When we work with weighted samples, it’s essential to introduce adjustments for the sample size. Indeed, let’s consider two following weighted samples:

$$ \mathbf{x}_1 = \{ x_1, x_2, \ldots, x_n \}, \quad \mathbf{w}_1 = \{ w_1, w_2, \ldots, w_n \}, $$ $$ \mathbf{x}_2 = \{ x_1, x_2, \ldots, x_n, x_{n+1} \}, \quad \mathbf{w}_2 = \{ w_1, w_2, \ldots, w_n, 0 \}. $$

Since the weight of $x_{n+1}$ in the second sample is zero, it’s natural to expect that both samples have the same set of properties. However, there is a major difference between $\mathbf{x}_1$ and $\mathbf{x}_2$: their sample sizes which are $n$ and $n+1$. In order to eliminate this difference, we typically introduce the effective sample size (ESS) which is estimated based on the list of weights.
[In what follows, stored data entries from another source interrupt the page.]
(* Let $\lambda/\mu$ be an edgewise connected skew diagram whose boxes have contents $c_{\min}, c_{\min}+1,\ldots,c_{\max}$, and let $i$ be an integer with $c_{\min}\le i<c_{\max}$. Let $\Pi$ be an outside decomposition of $\lambda/\mu$, and let $\Pi'=\omega_i(\Pi)$ be the outside decomposition obtained from $\Pi$ by the twist transformation $\omega_i$. Then exactly one of the following holds: (a) $i\notin \mathrm{Term}(\Pi)$, $i+1\notin \mathrm{Init}(\Pi)$, $\mathrm{Init}(\Pi')=\mathrm{Init}(\Pi)\cup\{i+1\}$ and $\mathrm{Term}(\Pi')=\mathrm{Term}(\Pi)\cup\{i\}$; (b) $i\in \mathrm{Term}(\Pi)$, $i+1\in \mathrm{Init}(\Pi)$, $\mathrm{Init}(\Pi')=\mathrm{Init}(\Pi)\setminus\{i+1\}$ and $\mathrm{Term}(\Pi')=\mathrm{Term}(\Pi)\setminus\{i\}$; (c) $i\in \mathrm{Term}(\Pi)$, $i+1\notin \mathrm{Init}(\Pi)$, $\mathrm{Init}(\Pi')=\mathrm{Init}(\Pi)$ and $\mathrm{Term}(\Pi')=\mathrm{Term}(\Pi)$; (d) $i\notin \mathrm{Term}(\Pi)$, $i+1\in \mathrm{Init}(\Pi)$, $\mathrm{Init}(\Pi')=\mathrm{Init}(\Pi)$ and $\mathrm{Term}(\Pi')=\mathrm{Term}(\Pi)$.
   Context: Diagrams use English convention: box $(r,c)$ is in row $r$ from the top and column $c$ from the left; its content is $c-r$. A skew diagram $\lambda/\mu$ ($\mu\subseteq\lambda$ partitions) is the set of boxes of $\lambda$ not in $\mu$; it is edgewise connected if its boxes are connected via shared edges. A border strip is an edgewise connected skew diagram containing no $2\times 2$ block of boxes; its boxes have consecutive contents, each box (except the last) being followed by the box of next content which lies either directly above it ("up") or directly to its right ("right"). An outside decomposition of $\lambda/\mu$ is a partition of its boxes into pairwise disjoint border strips such that each strip has its starting box (smallest content) on the left or bottom perimeter of the diagram and its ending box (largest content) on the right or top perimeter. For a strip $\theta$, $p(\theta)$ and $q(\theta)$ denote the contents of its initial and terminal boxes; for $\Pi=(\theta_1,\ldots,\theta_m)$, $\mathrm{Init}(\Pi)=\{p(\theta_1),\ldots,p(\theta_m)\}$ and $\mathrm{Term}(\Pi)=\{q(\theta_1),\ldots,q(\theta_m)\}$. Fact (Chen–Yan–Yang): for edgewise connected $\lambda/\mu$, outside decompositions $\Pi$ are in bijection with border strips $\phi$ with boxes of contents $c_{\min},\ldots,c_{\max}$ (the cutting strip of $\Pi$), where for each $j$ with $c_{\min}\le j<c_{\max}$, the box of content $j+1$ of $\phi$ lies above (resp. to the right of) the box of content $j$ of $\phi$ iff in every strip of $\Pi$ containing boxes of contents $j$ and $j+1$, the box of content $j+1$ lies above (resp. to the right of) the box of content $j$. The twist transformation $\omega_i$ maps $\Pi$ to the outside decomposition whose cutting strip is obtained from that of $\Pi$ by switching the relative position of its boxes of contents $i$ and $i+1$ (up $\leftrightarrow$ right), keeping all other relative positions. *)

theory Defs
  imports Main
begin

(* Boxes are pairs (r, c) of integers: row r (from the top), column c (from the left).
   English convention; content of box (r,c) is c - r. *)
type_synonym box = "int \<times> int"

definition content :: "box \<Rightarrow> int" where
  "content b = snd b - fst b"

definition is_partition :: "nat list \<Rightarrow> bool" where
  "is_partition la \<longleftrightarrow> sorted_wrt (\<ge>) la"

definition part_row :: "nat list \<Rightarrow> int \<Rightarrow> int" where
  "part_row la r = (if 1 \<le> r \<and> r \<le> int (length la) then int (la ! nat (r - 1)) else 0)"

definition part_le :: "nat list \<Rightarrow> nat list \<Rightarrow> bool" where
  "part_le mu la \<longleftrightarrow> (\<forall>r. part_row mu r \<le> part_row la r)"

definition skew :: "nat list \<Rightarrow> nat list \<Rightarrow> box set" where
  "skew la mu = {(r, c). 1 \<le> c \<and> part_row mu r < c \<and> c \<le> part_row la r}"

definition is_skew_diagram :: "box set \<Rightarrow> bool" where
  "is_skew_diagram S \<longleftrightarrow>
     (\<exists>la mu. is_partition la \<and> is_partition mu \<and> part_le mu la \<and> S = skew la mu)"

definition adjacent :: "box \<Rightarrow> box \<Rightarrow> bool" where
  "adjacent a b \<longleftrightarrow> \<bar>fst a - fst b\<bar> + \<bar>snd a - snd b\<bar> = 1"

definition edge_connected :: "box set \<Rightarrow> bool" where
  "edge_connected S \<longleftrightarrow>
     (\<forall>a\<in>S. \<forall>b\<in>S. (a, b) \<in> {(x, y). x \<in> S \<and> y \<in> S \<and> adjacent x y}\<^sup>*)"

definition no_2x2 :: "box set \<Rightarrow> bool" where
  "no_2x2 S \<longleftrightarrow>
     \<not> (\<exists>r c. (r, c) \<in> S \<and> (r + 1, c) \<in> S \<and> (r, c + 1) \<in> S \<and> (r + 1, c + 1) \<in> S)"

definition border_strip :: "box set \<Rightarrow> bool" where
  "border_strip S \<longleftrightarrow> S \<noteq> {} \<and> is_skew_diagram S \<and> edge_connected S \<and> no_2x2 S"

definition pc :: "box set \<Rightarrow> int" where
  "pc S = Min (content ` S)"

definition qc :: "box set \<Rightarrow> int" where
  "qc S = Max (content ` S)"

definition on_left_or_bottom :: "box set \<Rightarrow> box \<Rightarrow> bool" where
  "on_left_or_bottom D b \<longleftrightarrow> (fst b, snd b - 1) \<notin> D \<or> (fst b + 1, snd b) \<notin> D"

definition on_right_or_top :: "box set \<Rightarrow> box \<Rightarrow> bool" where
  "on_right_or_top D b \<longleftrightarrow> (fst b, snd b + 1) \<notin> D \<or> (fst b - 1, snd b) \<notin> D"

definition outside_decomp :: "box set \<Rightarrow> box set set \<Rightarrow> bool" where
  "outside_decomp D P \<longleftrightarrow>
     \<Union>P = D \<and>
     (\<forall>A\<in>P. \<forall>B\<in>P. A \<noteq> B \<longrightarrow> A \<inter> B = {}) \<and>
     (\<forall>T\<in>P. border_strip T \<and>
        (\<forall>b\<in>T. content b = pc T \<longrightarrow> on_left_or_bottom D b) \<and>
        (\<forall>b\<in>T. content b = qc T \<longrightarrow> on_right_or_top D b))"

definition Init :: "box set set \<Rightarrow> int set" where
  "Init P = pc ` P"

definition Term :: "box set set \<Rightarrow> int set" where
  "Term P = qc ` P"

(* A cutting strip with contents
   cmin..cmax is encoded by its step directions dir :: int => bool, where dir j = True
   means the box of content j+1 lies above the box of content j ("up"), False means
   it lies to the right ("right"). *)
definition cut_link :: "box set \<Rightarrow> (int \<Rightarrow> bool) \<Rightarrow> (box \<times> box) set" where
  "cut_link D dir =
     {(b, b'). b \<in> D \<and> b' \<in> D \<and>
        b' = (if dir (content b) then (fst b - 1, snd b) else (fst b, snd b + 1))}"

definition cut_decomp :: "box set \<Rightarrow> (int \<Rightarrow> bool) \<Rightarrow> box set set" where
  "cut_decomp D dir =
     D // {(a, b). a \<in> D \<and> b \<in> D \<and> (a, b) \<in> (cut_link D dir \<union> (cut_link D dir)\<inverse>)\<^sup>*}"

(* the twist transformation omega_i: switch the relative position of the boxes of
   contents i and i+1 of the cutting strip of P *)
definition twist :: "box set \<Rightarrow> int \<Rightarrow> box set set \<Rightarrow> box set set" where
  "twist D i P =
     (let dir = (SOME dir. P = cut_decomp D dir) in cut_decomp D (dir(i := \<not> dir i)))"

definition exactly_one :: "bool list \<Rightarrow> bool" where
  "exactly_one xs \<longleftrightarrow> length (filter id xs) = 1"

end

(*
  Every outside decomposition is a cut decomposition: there is a direction d j (up or right)
  for each pair of consecutive contents j, j + 1 such that the strips link each box of
  content j to its neighbour in direction d j whenever that neighbour lies in the diagram.
  Along a diagonal the crossing strips cannot switch direction (a switch would put two boxes
  of the same content into one strip, or make a strip start in the interior), and where no
  strip crosses, the diagram has a bottleneck, so d j can be chosen to link nothing.

  For a cut decomposition, j is a terminal content iff some box of content j lacks its
  neighbour in direction d j, and j + 1 is an initial content iff some box of content j + 1
  lacks its neighbour against direction d j.  The twist changes d i only.  By convexity of
  skew diagrams, all boxes of content i have their neighbour in direction u iff some box of
  content i + 1 lacks its neighbour against the other direction.  Hence i is terminal after
  the twist iff i + 1 was not initial before, and i + 1 is initial after the twist iff i was
  not terminal before; the four cases are read off from these two equivalences.
*)

theory Submission
  imports Defs
begin

lemma finite_no_increasing_self_map:
  fixes g :: "'a \<Rightarrow> 'b :: linorder"
  assumes "finite S" "x \<in> S" "\<forall>y\<in>S. f y \<in> S \<and> g y < g (f y)"
  shows False
proof -
  have "Max (g ` S) \<in> g ` S" using assms(1,2) by (intro Max_in) auto
  then obtain m where m: "m \<in> S" "Max (g ` S) = g m" by blast
  then have "g (f m) \<le> g m" using assms(1,3) by (metis Max_ge finite_imageI imageI)
  then show False using assms(3) m(1) by fastforce
qed

lemma rtrancl_Un_converse_from_source:
  assumes inj: "\<And>a a' b. (a, b) \<in> L \<Longrightarrow> (a', b) \<in> L \<Longrightarrow> a = a'"
    and source: "\<forall>a. (a, b) \<notin> L" and "(b, y) \<in> (L \<union> L\<inverse>)\<^sup>*"
  shows "(b, y) \<in> L\<^sup>*"
  using \<open>(b, y) \<in> (L \<union> L\<inverse>)\<^sup>*\<close>
proof (induction rule: rtrancl_induct)
  case (step y z)
  show ?case
  proof (cases "(y, z) \<in> L")
    case False
    then have zy: "(z, y) \<in> L" using step by auto
    from step.IH show ?thesis
    proof (cases rule: rtranclE)
      case base
      then show ?thesis using zy source by blast
    next
      case (step y')
      then show ?thesis using zy inj by blast
    qed
  qed (use step.IH in auto)
qed simp

section \<open>Neighbouring boxes and box convexity\<close>

definition succ_box :: "bool \<Rightarrow> box \<Rightarrow> box" where
  "succ_box up b = (if up then (fst b - 1, snd b) else (fst b, snd b + 1))"

definition pred_box :: "bool \<Rightarrow> box \<Rightarrow> box" where
  "pred_box up b = (if up then (fst b + 1, snd b) else (fst b, snd b - 1))"

lemma content_succ_box [simp]: "content (succ_box u b) = content b + 1"
  by (simp add: succ_box_def content_def)

lemma content_pred_box [simp]: "content (pred_box u b) = content b - 1"
  by (simp add: pred_box_def content_def)

lemma pred_succ_box [simp]: "pred_box u (succ_box u b) = b"
  by (simp add: pred_box_def succ_box_def)

lemma succ_pred_box [simp]: "succ_box u (pred_box u b) = b"
  by (simp add: pred_box_def succ_box_def)

lemma succ_box_eq_iff [simp]: "succ_box u b = succ_box v b \<longleftrightarrow> u = v"
  by (simp add: succ_box_def prod_eq_iff)

lemma adjacent_iff_succ_box: "adjacent a b \<longleftrightarrow> (\<exists>v. b = succ_box v a \<or> a = succ_box v b)"
  unfolding adjacent_def ex_bool_eq succ_box_def prod_eq_iff by auto

lemma on_right_or_top_iff: "on_right_or_top D b \<longleftrightarrow> (\<exists>u. succ_box u b \<notin> D)"
  unfolding on_right_or_top_def succ_box_def by (metis (full_types))

lemma on_left_or_bottom_iff: "on_left_or_bottom D b \<longleftrightarrow> (\<exists>u. pred_box u b \<notin> D)"
  unfolding on_left_or_bottom_def pred_box_def by (metis (full_types))

definition box_convex :: "box set \<Rightarrow> bool" where
  "box_convex S \<longleftrightarrow> (\<forall>r1 c1 r2 c2 r c. (r1, c1) \<in> S \<longrightarrow> (r2, c2) \<in> S \<longrightarrow>
      r1 \<le> r \<longrightarrow> r \<le> r2 \<longrightarrow> c1 \<le> c \<longrightarrow> c \<le> c2 \<longrightarrow> (r, c) \<in> S)"

lemma box_convexD:
  "box_convex S \<Longrightarrow> (r1, c1) \<in> S \<Longrightarrow> (r2, c2) \<in> S \<Longrightarrow> r1 \<le> r \<Longrightarrow> r \<le> r2 \<Longrightarrow>
    c1 \<le> c \<Longrightarrow> c \<le> c2 \<Longrightarrow> (r, c) \<in> S"
  unfolding box_convex_def by blast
There are various ways to estimate the ESS. In this post, we briefly discuss the Huggins-Roy’s family of ESS.

For a list of weights $\mathbf{w} = \{ w_1, w_2, \ldots, w_n \}$, we can consider the corresponding normalized weights (or standardized weights):

$$ \overline{\mathbf{w}} = \frac{\mathbf{w}}{\sum_{i=1}^n w_i}. $$

For any non-degenerate weighted sample, the sum of all weights is always positive so that the normalized weights are defined.

The Huggins-Roy’s family is given by:

$$ \operatorname{ESS}_\beta(\overline{\mathbf{w}}) = \Bigg( \frac{1}{\sum_{i=1}^n \overline{w}_i^\beta } \Bigg)^{\frac{1}{\beta - 1}} = \Bigg( \sum_{i=1}^n \overline{w}_i^\beta \Bigg)^{\frac{1}{1 - \beta}}. $$

This family is proposed in huggins2019 and discussed in [Elvira2021] and elvira2022.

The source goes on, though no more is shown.